The discussions at the end about equipment and pantry could be expanded,
although they fit the recipes given.

I feel like it could use more discussion of technique although writing about
technique (rather than teaching through demonstration) is always tricky.

Perhaps I'm just reacting to current fads but I wish it included some
discussion of sourcing of ingredients and had less emphasis on canned beans,
canned tuna, etc. Canned lentils - seriously? Sheesh.

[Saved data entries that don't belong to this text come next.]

lemma lifts_out_edges_follower:
  assumes rr: "right_resolving E s L"
  shows "lifts_out_edges E s (fc_edges Y) fc_src (follower_set E s t L) (follower_edge E s t L)"
  unfolding lifts_out_edges_def
proof (intro allI ballI impI)
  fix v f assume f: "f \<in> fc_edges Y" and src: "fc_src f = follower_set E s t L v"
  then obtain a Q y where f': "f = (follower_set E s t L v, a, Q)"
    "Q = {w. shift_cons a w \<in> follower_set E s t L v}" "y \<in> Y" "Q = future Y y"
    by (auto simp: fc_edges_def fc_vertices_def fc_src_def)
  then have "shift_cons a (\<lambda>n. y (int n)) \<in> follower_set E s t L v"
    using right_half_in_future by blast
  then obtain x where x: "shift_cons a (\<lambda>n. y (int n)) = L \<circ> x"
    "x \<in> right_paths E s t" "s (x 0) = v"
    by (auto simp: follower_set_def)
  have "x 0 \<in> E" and "L (x 0) = a"
    using x(2) fun_cong[OF x(1), of 0] by (auto simp: right_paths_def shift_cons_def)
  then show "\<exists>e\<in>E. s e = v \<and> follower_edge E s t L e = f"
    using follower_set_target[OF rr] f' x(3) by (auto simp: follower_edge_def)
qed

theorem proposition3p1:
  fixes V :: "'v set" and E :: "'e set" and s t :: "'e \<Rightarrow> 'v" and L :: "'e \<Rightarrow> 'a"
    and Y :: "(int \<Rightarrow> 'a) set"
  assumes graph: "labeled_graph V E s t"
    and presents: "Y = (\<lambda>x. L \<circ> x) ` edge_shift E s t"
    and rr: "right_resolving E s L"
    and reg: "regular_graph Y V E s t L"
  shows "\<exists>(hv :: 'v \<Rightarrow> 'a fc_vertex) (he :: 'e \<Rightarrow> 'a fc_edge).
     lg_hom V E s t L (fc_vertices Y) (fc_edges Y) fc_src fc_tgt fc_label hv he
   \<and> (\<lambda>x. he \<circ> x) ` regular_points (edge_shift E s t) Y (\<lambda>x. L \<circ> x)
       \<subseteq> regular_points (edge_shift (fc_edges Y) fc_src fc_tgt) Y (\<lambda>x. fc_label \<circ> x)
   \<and> hereditary (fc_edges Y) fc_src fc_tgt (hv ` V)
   \<and> (follower_separated V E s t L \<longrightarrow>
        lg_iso_onto_sub V E s t L (fc_vertices Y) (fc_edges Y) fc_src fc_tgt fc_label (hv ` V) hv he)"
proof (intro exI conjI impI)
  let ?hv = "follower_set E s t L" and ?he = "follower_edge E s t L"
  show hom: "lg_hom V E s t L (fc_vertices Y) (fc_edges Y) fc_src fc_tgt fc_label ?hv ?he"
    using graph presents rr reg by (rule lg_hom_follower)
  have lifting: "lifts_out_edges E s (fc_edges Y) fc_src ?hv ?he"
    using rr by (rule lifts_out_edges_follower)
  show "(\<lambda>x. ?he \<circ> x) ` regular_points (edge_shift E s t) Y (\<lambda>x. L \<circ> x)
      \<subseteq> regular_points (edge_shift (fc_edges Y) fc_src fc_tgt) Y (\<lambda>x. fc_label \<circ> x)"
    using hom lifting by (rule regular_points_image_hom)
  show "hereditary (fc_edges Y) fc_src fc_tgt (?hv ` V)"
    using hom lifting graph by (rule hereditary_image_lifts_out_edges)
  assume "follower_separated V E s t L"
  then have "inj_on ?hv V"
    by (auto simp: follower_separated_def inj_on_def)
  with hom lifting graph rr
  show "lg_iso_onto_sub V E s t L (fc_vertices Y) (fc_edges Y) fc_src fc_tgt fc_label
      (?hv ` V) ?hv ?he"
    by (rule lg_iso_onto_sub_lifts_out_edges)
qed
lemma card_cube_vertex_reps_filter:
  "card {v \<in> cube_vertex_reps. P v} =
     of_bool (P (vector [1, 1, 1])) + of_bool (P (vector [1, 1, -1])) +
     of_bool (P (vector [1, -1, 1])) + of_bool (P (vector [-1, 1, 1]))"
proof -
  have "card {v \<in> cube_vertex_reps. P v} = (\<Sum>v\<in>cube_vertex_reps. of_bool (P v))"
    by (simp add: cube_vertex_reps_def Int_def conj_commute)
  then show ?thesis
    by (simp add: cube_vertex_reps_def)
qed

lemma cube_vertex_reps_orthogonal_imp_zero:
  assumes "3 \<le> card {v \<in> cube_vertex_reps. P v}" "\<forall>v\<in>cube_vertex_reps. P v \<longrightarrow> w \<bullet> v = 0"
  shows "w = 0"
proof -
  have "w$1 = 0 \<and> w$2 = 0 \<and> w$3 = 0"
    using assms
    unfolding card_cube_vertex_reps_filter
    by (cases "P (vector [1, 1, 1])"; cases "P (vector [1, 1, -1])";
        cases "P (vector [1, -1, 1])"; cases "P (vector [-1, 1, 1])")
       (auto simp: cube_vertex_reps_def inner_vector_3)
  then show ?thesis
    by (simp add: vec_eq_iff forall_3)
qed

lemma card_symmetric_cube_vertices:
  assumes "\<And>v. P (- v) \<longleftrightarrow> P v"
  shows "card {v \<in> cube_vertices. P v} = 2 * card {v \<in> cube_vertex_reps. P v}"
proof -
  let ?S = "{v \<in> cube_vertex_reps. P v}"
  have "{v \<in> cube_vertices. P v} = ?S \<union> uminus ` ?S"
    using assms by (auto simp: cube_vertices_3)
  moreover have "?S \<inter> uminus ` ?S = {}"
    using cube_vertex_reps_disjoint by blast
  moreover have "finite ?S"
    by (simp add: cube_vertex_reps_def)
  ultimately show ?thesis
    by (simp add: card_Un_disjoint card_image)
qed

lemma card_cube_vertices_3: "card (cube_vertices :: (real^3) set) = 8"
  using card_symmetric_cube_vertices[of "\<lambda>_. True"] card_cube_vertex_reps_filter[of "\<lambda>_. True"]
  by simp

lemma cube_vertices_normal_exists_iff:
  assumes "\<And>v. P (- v) \<longleftrightarrow> P v"
  shows "(\<exists>w. w \<noteq> 0 \<and> (\<forall>v\<in>cube_vertices. P v \<longrightarrow> w \<bullet> v = 0)) \<longleftrightarrow>
    card {v \<in> cube_vertex_reps. P v} \<le> 2"
proof
  assume "\<exists>w. w \<noteq> 0 \<and> (\<forall>v\<in>cube_vertices. P v \<longrightarrow> w \<bullet> v = 0)"
  then show "card {v \<in> cube_vertex_reps. P v} \<le> 2"
    using cube_vertex_reps_orthogonal_imp_zero[of P] by (force simp: cube_vertices_3)
next
  let ?S = "{v \<in> cube_vertex_reps. P v}"
  assume "card ?S \<le> 2"
  moreover have "dim ?S \<le> card ?S"
    by (rule dim_le_card) (auto simp: span_base cube_vertex_reps_def)
  ultimately have "dim ?S < DIM(real^3)"
    by simp
  then obtain w :: "real^3" where w: "w \<noteq> 0" "\<And>v. v \<in> span ?S \<Longrightarrow> orthogonal w v"
    using orthogonal_to_subspace_exists by blast
  have "w \<bullet> v = 0" if "v \<in> cube_vertices" "P v" for v
  proof -
    have "v \<in> ?S \<or> - v \<in> ?S"
      using that assms[of v] by (auto simp: cube_vertices_3)
    then have "v \<in> span ?S"
      using span_base[of v ?S] span_neg[OF span_base, of "- v" ?S] by auto
    then show ?thesis
      using w(2) by (simp add: orthogonal_def)
  qed
  then show "\<exists>w. w \<noteq> 0 \<and> (\<forall>v\<in>cube_vertices. P v \<longrightarrow> w \<bullet> v = 0)"
    using w(1) by blast
qed

lemma card_cube_vertices_ge_6_iff:
  fixes P :: "real^3 \<Rightarrow> bool"
  assumes "\<And>v. P (- v) \<longleftrightarrow> P v"
  shows "6 \<le> card {v \<in> cube_vertices. P v} \<longleftrightarrow>
    (\<forall>w. (\<forall>v\<in>cube_vertices. P v \<longrightarrow> w \<bullet> v = 0) \<longrightarrow> w = 0)"
  using card_symmetric_cube_vertices[of P, OF assms] cube_vertices_normal_exists_iff[of P, OF assms]
  by auto

lemma cube_vertices_normal_exists:
  fixes p q :: "real^3"
  assumes "\<And>v. P (- v) \<longleftrightarrow> P v"
    and "p \<in> cube_vertices" "q \<in> cube_vertices" "q \<noteq> p" "q \<noteq> - p" "\<not> P p" "\<not> P q"
  obtains w where "w \<noteq> 0" "\<forall>v\<in>cube_vertices. P v \<longrightarrow> w \<bullet> v = 0"
proof -
  have "card {p, - p, q, - q} = 4"
    using assms(2-5) cube_vertex_neq_uminus[of p] cube_vertex_neq_uminus[of q]
    by (simp add: card_insert_if) (metis minus_equation_iff)
  then have "card (cube_vertices - {p, - p, q, - q}) = 4"
    using assms(2,3) by (simp add: card_Diff_subset card_cube_vertices_3)
  moreover have "card {v \<in> cube_vertices. P v} \<le> card (cube_vertices - {p, - p, q, - q})"
    using assms by (intro card_mono) (auto simp: finite_cube_vertices)
  ultimately have "card {v \<in> cube_vertices. P v} \<le> 4"
    by simp
  then show thesis
    using that card_cube_vertices_ge_6_iff[of P, OF assms(1)] by fastforce
qed

section \<open>Contractions from the 3-cube to a normed plane\<close>

lemma matrix_vector_mult_uminus [simp]: "(A :: real^'n^'m) *v (- x) = - (A *v x)"
  using matrix_vector_mult_scaleR[of A "-1" x] by simp

lemma det2_eq_0_imp_parallel:
  fixes a b :: "real^2"
  assumes "a$1 * b$2 - a$2 * b$1 = 0" "a \<noteq> 0"
  obtains \<mu> where "b = \<mu> *\<^sub>R a"
proof -
  consider "a$1 \<noteq> 0" | "a$2 \<noteq> 0"
    using assms(2) by (auto simp: vec_eq_iff forall_2)
  then show thesis
  proof cases
    case 1
    then have "b = (b$1 / a$1) *\<^sub>R a"
      using assms(1) by (auto simp: vec_eq_iff forall_2 field_simps)
    then show thesis
      by (rule that)
  next
    case 2
    then have "b = (b$2 / a$2) *\<^sub>R a"
      using assms(1) by (auto simp: vec_eq_iff forall_2 field_simps)
    then show thesis
      by (rule that)
  qed
qed

lemma matrix_2_3_cases:
  fixes T :: "real^3^2"
  obtains (kernel) l where "T *v l = 0" "\<forall>i. l$i \<noteq> 0"
  | (zero_column) k where "column k T = 0"
  | (parallel_columns) i j \<mu> where "i \<noteq> j" "column i T \<noteq> 0" "column j T = \<mu> *\<^sub>R column i T" "\<mu> \<noteq> 0"
proof -
  define d where "d a b = a$1 * b$2 - a$2 * b$1" for a b :: "real^2"
  have parallel: thesis if det: "d (column i T) (column j T) = 0" and "i \<noteq> j" for i j
  proof (cases "column i T = 0")
    case True
    then show thesis
      by (rule zero_column)
  next
    case False
    then obtain \<mu> where \<mu>: "column j T = \<mu> *\<^sub>R column i T"
      using det2_eq_0_imp_parallel[OF det[unfolded d_def] False] by blast
    show thesis
    proof (cases "\<mu> = 0")
      case True
      then show thesis
        using \<mu> zero_column by simp
    next
      case False
      then show thesis
        using parallel_columns \<open>i \<noteq> j\<close> \<open>column i T \<noteq> 0\<close> \<mu> by blast
    qed
  qed
  \<comment> \<open>the cross product of the two rows of \<open>T\<close>\<close>
  define l :: "real^3" where
    "l = vector [d (column 2 T) (column 3 T), - d (column 1 T) (column 3 T), d (column 1 T) (column 2 T)]"
  have "T *v l = 0"
    by (simp add: matrix_mult_sum sum_3 l_def d_def vec_eq_iff forall_2 column_def algebra_simps)
  then show thesis
    using kernel parallel[of 1 2] parallel[of 1 3] parallel[of 2 3] by (force simp: l_def forall_3)
qed

locale plane_norm = vector_norm N for N :: "real^2 \<Rightarrow> real"
begin

lemma convex_on_matrix_vector_mult: "convex_on UNIV (\<lambda>x. N (B *v x))"
proof (rule convex_onI)
  fix t :: real and x y assume "0 < t" "t < 1"
  then show "N (B *v ((1 - t) *\<^sub>R x + t *\<^sub>R y)) \<le> (1 - t) * N (B *v x) + t * N (B *v y)"
    using convex_onD[OF convex_on_UNIV, of t "B *v x" "B *v y"]
    by (simp add: matrix_vector_right_distrib matrix_vector_mult_scaleR)
qed simp

lemma op_norm_le_1_iff: "op_norm N B \<le> 1 \<longleftrightarrow> (\<forall>v\<in>cube_vertices. N (B *v v) \<le> 1)"
proof
  define K where "K = (\<Sum>v\<in>cube_vertices. N (B *v v))"
  have "\<forall>v\<in>cube_vertices. N (B *v v) \<le> K"
    unfolding K_def using finite_cube_vertices by (auto intro: member_le_sum nonneg)
  then have "N (B *v x) \<le> K" if "infnorm x \<le> 1" for x
    using convex_on_le_on_unit_ball_infnorm[OF convex_on_matrix_vector_mult _ that] by blast
  then have bdd: "bdd_above {N (B *v x) |x. infnorm x \<le> 1}"
    by (intro bdd_aboveI[of _ K]) auto
  assume le: "op_norm N B \<le> 1"
  show "\<forall>v\<in>cube_vertices. N (B *v v) \<le> 1"
  proof
    fix v :: "real^3"
    assume "v \<in> cube_vertices"
    then have "N (B *v v) \<in> {N (B *v x) |x. infnorm x \<le> 1}"
      using infnorm_cube_vertex[of v] by fastforce
    then have "N (B *v v) \<le> op_norm N B"
      unfolding op_norm_def using bdd by (rule cSup_upper)
    then show "N (B *v v) \<le> 1"
      using le by linarith
  qed
next
  assume "\<forall>v\<in>cube_vertices. N (B *v v) \<le> 1"
  then have "N (B *v x) \<le> 1" if "infnorm x \<le> 1" for x
    using convex_on_le_on_unit_ball_infnorm[OF convex_on_matrix_vector_mult _ that] by blast
  moreover have "infnorm (0 :: real^3) \<le> 1"
    by (simp add: infnorm_0)
  ultimately show "op_norm N B \<le> 1"
    unfolding op_norm_def by (auto intro!: cSup_least)
qed

lemma contraction_le_infnorm:
  assumes "op_norm N B \<le> 1"
  shows "N (B *v x) \<le> infnorm x"
proof (cases "x = 0")
  case False
  then have "infnorm x > 0"
    by (simp add: infnorm_pos_lt)
  moreover have "infnorm ((1 / infnorm x) *\<^sub>R x) \<le> 1"
    using \<open>infnorm x > 0\<close> by (simp add: infnorm_mul)
  then have "N (B *v ((1 / infnorm x) *\<^sub>R x)) \<le> 1"
    using assms convex_on_le_on_unit_ball_infnorm[OF convex_on_matrix_vector_mult]
    by (simp add: op_norm_le_1_iff)
  ultimately show ?thesis
    by (simp add: matrix_vector_mult_scaleR scale field_simps)
qed (simp add: infnorm_0)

A quote that bugs me: "The tricky thing with this salad is that a whole tin of
chickpeas can be quite a big eat. If you’re not super hungry feel free to
ditch some of the chickpeas."

Every kitchen has waste and nearly every kitchen compromises on ingredients
but that quote makes me shudder. I suppose if you're moving from heating up
frozen french bread pizzas to a cuisine as in this book that's a large
positive step so I shouldn't find too much fault here. Still, a little
discussion of buying dried legumes and cooking up batches ahead for use in
several dishes would be nice.

Perhaps it needs a sequel :-)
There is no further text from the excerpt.